The registrant's other certifying officer and I have disclosed, based on our most recent evaluation of internal control over financial reporting, to the registrant's auditors and the audit committee of the registrant's board of directors (or persons performing the equivalent functions):
a)
all significant deficiencies and material weaknesses in the design or operation of internal control over financial reporting which are reasonably likely to adversely affect the registrant's ability to record, process, summarize and report financial information; and
b)
any fraud, whether or not material, that involves management or other employees who have a significant role in the registrant's internal control over financial reporting.
Date: July 24, 2015
/s/ Krishna Shivram
Krishna Shivram
Executive Vice President and
Chief Financial Officer



Wdesk | EX 32.1 CEO 906 CERT WFT 6.30.15


Exhibit 32.1
CERTIFICATION PURSUANT TO
18 U.S.C. SECTION 1350,
AS ADOPTED PURSUANT TO

SECTION 906 OF THE SARBANES-OXLEY ACT OF 2002


In connection with the Quarterly Report on Form 10-Q of Weatherford International plc (the "Company") for the period ended June 30, 2015 as filed with the Securities and Exchange Commission on the date hereof (the "Report"), I, Bernard J. Duroc-Danner, Chief Executive Officer of the Company, certify, pursuant to 18 U.S.C. Section 1350, as adopted pursuant to Section 906 of the Sarbanes-Oxley Act of 2002, that:

(1)
The Report fully complies with the requirements of Section 13(a) or 15(d) of the Securities Exchange Act of 1934; and
(2)
The information contained in the Report fairly presents, in all material respects, the financial condition and results of operations of the Company.
/s/ Bernard J. Duroc-Danner                                                                                    
Name:    Bernard J. Duroc-Danner
Title:     Chief Executive Officer
Date:    July 24, 2015
A signed original of this written statement has been provided to the Company and will be retained by the Company and furnished to the Securities and Exchange Commission or its staff upon request.
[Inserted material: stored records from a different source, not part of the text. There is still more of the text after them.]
locale analytic_pair =
  fixes \<A> \<B> :: "nat set set" and f :: "(nat \<Rightarrow> nat) \<Rightarrow> (nat \<Rightarrow> bool)"
  assumes continuous: "continuous_on UNIV f"
    and image_eq: "(\<lambda>x. {n. f x n}) ` UNIV = \<A>"
    and A_infinite: "\<forall>A\<in>\<A>. infinite A"
    and A_hereditary: "hereditary \<A>" and B_hereditary: "hereditary \<B>"
    and not_generated: "\<not> countably_generated_in \<A> (perp \<B>)"
begin

definition fam :: "nat list \<Rightarrow> nat set set" where
  "fam l = (\<lambda>x. {n. f x n}) ` cyl l"

definition bad :: "nat list \<Rightarrow> bool" where
  "bad l \<longleftrightarrow> \<not> countably_generated_in (fam l) (perp \<B>)"

definition forces :: "nat list \<Rightarrow> nat \<Rightarrow> bool" where
  "forces l k \<longleftrightarrow> (\<forall>x\<in>cyl l. f x k)"

definition forced_above :: "nat list \<Rightarrow> nat set" where
  "forced_above l = {k. \<exists>l'. strict_prefix l l' \<and> bad l' \<and> forces l' k}"

lemma root_bad: "bad []"
  using image_eq not_generated by (simp add: bad_def fam_def cyl_def)

lemma fam_decomposition:
  "fam l \<subseteq> (\<Union>g\<in>{g. strict_prefix l g \<and> \<not> bad g}. fam g) \<union> {A\<in>fam l. A \<subseteq> forced_above l}"
proof
  fix A assume "A \<in> fam l"
  then obtain x where x: "x \<in> cyl l" "A = {n. f x n}"
    by (auto simp: fam_def)
  have "A \<in> fam (map x [0..<n])" for n
    using x(2) map_in_cyl by (auto simp: fam_def)
  moreover have "A \<subseteq> forced_above l" if all_bad: "\<forall>n>length l. bad (map x [0..<n])"
  proof
    fix k assume "k \<in> A"
    then obtain n0 where n0: "\<forall>y. (\<forall>i<n0. y i = x i) \<longrightarrow> f y k"
      using continuous_coordinate_depends_on_prefix[OF continuous] x(2) by blast
    define g where "g = map x [0..<max n0 (Suc (length l))]"
    have "forces g k"
      using n0 by (auto simp: forces_def cyl_def g_def)
    moreover have "strict_prefix l g" "bad g"
      using strict_prefix_map[OF x(1)] all_bad by (auto simp: g_def)
    ultimately show "k \<in> forced_above l"
      by (auto simp: forced_above_def)
  qed
  ultimately show "A \<in> (\<Union>g\<in>{g. strict_prefix l g \<and> \<not> bad g}. fam g) \<union> {A\<in>fam l. A \<subseteq> forced_above l}"
    using \<open>A \<in> fam l\<close> strict_prefix_map[OF x(1)] by blast
qed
The certification the registrant furnishes in this exhibit is not deemed "filed" for purposes of Section 18 of the Securities Exchange Act of 1934, as amended, or otherwise subject to the liabilities of that Section.  Registration Statements or other documents filed with the Securities and Exchange Commission shall not incorporate this exhibit by reference, except as otherwise expressly stated in such filing.
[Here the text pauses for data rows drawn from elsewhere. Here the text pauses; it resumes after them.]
definition mpc_feasible :: "'v sys \<Rightarrow> ('v \<times> 'v) set \<Rightarrow> 'v set \<Rightarrow> 'v set \<Rightarrow> (nat \<Rightarrow> 'v \<Rightarrow> real)
    \<Rightarrow> ('v \<times> 'v \<Rightarrow> real) \<Rightarrow> ('v \<Rightarrow> real) \<Rightarrow> ('v \<Rightarrow> real) \<Rightarrow> ('v \<Rightarrow> real) \<Rightarrow> real \<Rightarrow> bool" where
  "mpc_feasible S F Ju Jw P f0 w0 a0 u \<beta> \<longleftrightarrow>
     (\<forall>i. i \<notin> Ju \<longrightarrow> u i = 0)
     \<and> (\<forall>k < horizon S. \<forall>i\<in>Jw.
          wlo S i - \<beta> \<le> fst (snd (pred_traj S F Ju P f0 w0 a0 u (Suc k))) i
        \<and> fst (snd (pred_traj S F Ju P f0 w0 a0 u (Suc k))) i \<le> whi S i + \<beta>)
     \<and> (\<forall>i\<in>Ju. \<bar>u i\<bar> \<le> eps S i * \<bar>a0 i\<bar>)"

definition mpc_cost :: "'v sys \<Rightarrow> 'v set \<Rightarrow> ('v \<Rightarrow> real) \<Rightarrow> real \<Rightarrow> real" where
  "mpc_cost S Ju u \<beta> = (\<Sum>i\<in>Ju. cc S i * (u i)\<^sup>2) + dd S * \<beta>\<^sup>2"

text \<open>u-hat-star: the u-part of the unique minimizer.\<close>
definition mpc_u :: "'v sys \<Rightarrow> ('v \<times> 'v) set \<Rightarrow> 'v set \<Rightarrow> 'v set \<Rightarrow> (nat \<Rightarrow> 'v \<Rightarrow> real)
    \<Rightarrow> ('v \<times> 'v \<Rightarrow> real) \<Rightarrow> ('v \<Rightarrow> real) \<Rightarrow> ('v \<Rightarrow> real) \<Rightarrow> 'v \<Rightarrow> real" where
  "mpc_u S F Ju Jw P f0 w0 a0 =
     (THE u. \<exists>\<beta>. mpc_feasible S F Ju Jw P f0 w0 a0 u \<beta>
        \<and> (\<forall>u' \<beta>'. mpc_feasible S F Ju Jw P f0 w0 a0 u' \<beta>'
              \<longrightarrow> mpc_cost S Ju u \<beta> \<le> mpc_cost S Ju u' \<beta>'))"

definition samp_index :: "(nat \<Rightarrow> real) \<Rightarrow> real \<Rightarrow> nat" where
  "samp_index \<Delta> t = (THE j. \<Delta> j \<le> t \<and> t < \<Delta> (Suc j))"

definition region_of :: "nat \<Rightarrow> (nat \<Rightarrow> 'v set) \<Rightarrow> 'v \<Rightarrow> nat" where
  "region_of r Reg i = (THE \<beta>. \<beta> \<in> {1..r} \<and> i \<in> Reg \<beta>)"

definition boundary_edges :: "'v sys \<Rightarrow> 'v set \<Rightarrow> ('v \<times> 'v) set" where
  "boundary_edges S R = {e \<in> edges S. (fst e \<in> R) \<noteq> (snd e \<in> R)}"

text \<open>p^{fcst,f}: net inflow over boundary edges (j -> i means j is the tail).\<close>
definition p_flow :: "'v sys \<Rightarrow> 'v set \<Rightarrow> ('v \<times> 'v \<Rightarrow> real) \<Rightarrow> 'v \<Rightarrow> real" where
  "p_flow S R f i = (\<Sum>e\<in>{e\<in>boundary_edges S R. snd e = i}. f e)
                  - (\<Sum>e\<in>{e\<in>boundary_edges S R. fst e = i}. f e)"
Wdesk | EX 32.2 CFO 906 CERT WFT 6.30.15


Exhibit 32.2
CERTIFICATION PURSUANT TO
18 U.S.C. SECTION 1350,
AS ADOPTED PURSUANT TO

SECTION 906 OF THE SARBANES-OXLEY ACT OF 2002


In connection with the Quarterly Report on Form 10-K of Weatherford International plc (the "Company") for the period ended June 30, 2015 as filed with the Securities and Exchange Commission on the date hereof (the "Report"), I, Krishna Shivram, Chief Financial Officer of the Company, certify, pursuant to 18 U.S.C. Section 1350, as adopted pursuant to Section 906 of the Sarbanes-Oxley Act of 2002, that:

(1)
The Report fully complies with the requirements of Section 13(a) or 15(d) of the Securities Exchange Act of 1934; and
(2)
The information contained in the Report fairly presents, in all material respects, the financial condition and results of operations of the Company.

 /s/ Krishna Shivram                                                                                          
Name:  K     Krishna Shivram
Title:    Executive Vice President and Chief Financial Officer
Date:      July 24, 2015
A signed original of this written statement has been provided to the Company and will be retained by the Company and furnished to the Securities and Exchange Commission or its staff upon request.

The certification the registrant furnishes in this exhibit is not deemed "filed" for purposes of Section 18 of the Securities Exchange Act of 1934, as amended, or otherwise subject to the liabilities of that Section.  Registration Statements or other documents filed with the Securities and Exchange Commission shall not incorporate this exhibit by reference, except as otherwise expressly stated in such filing.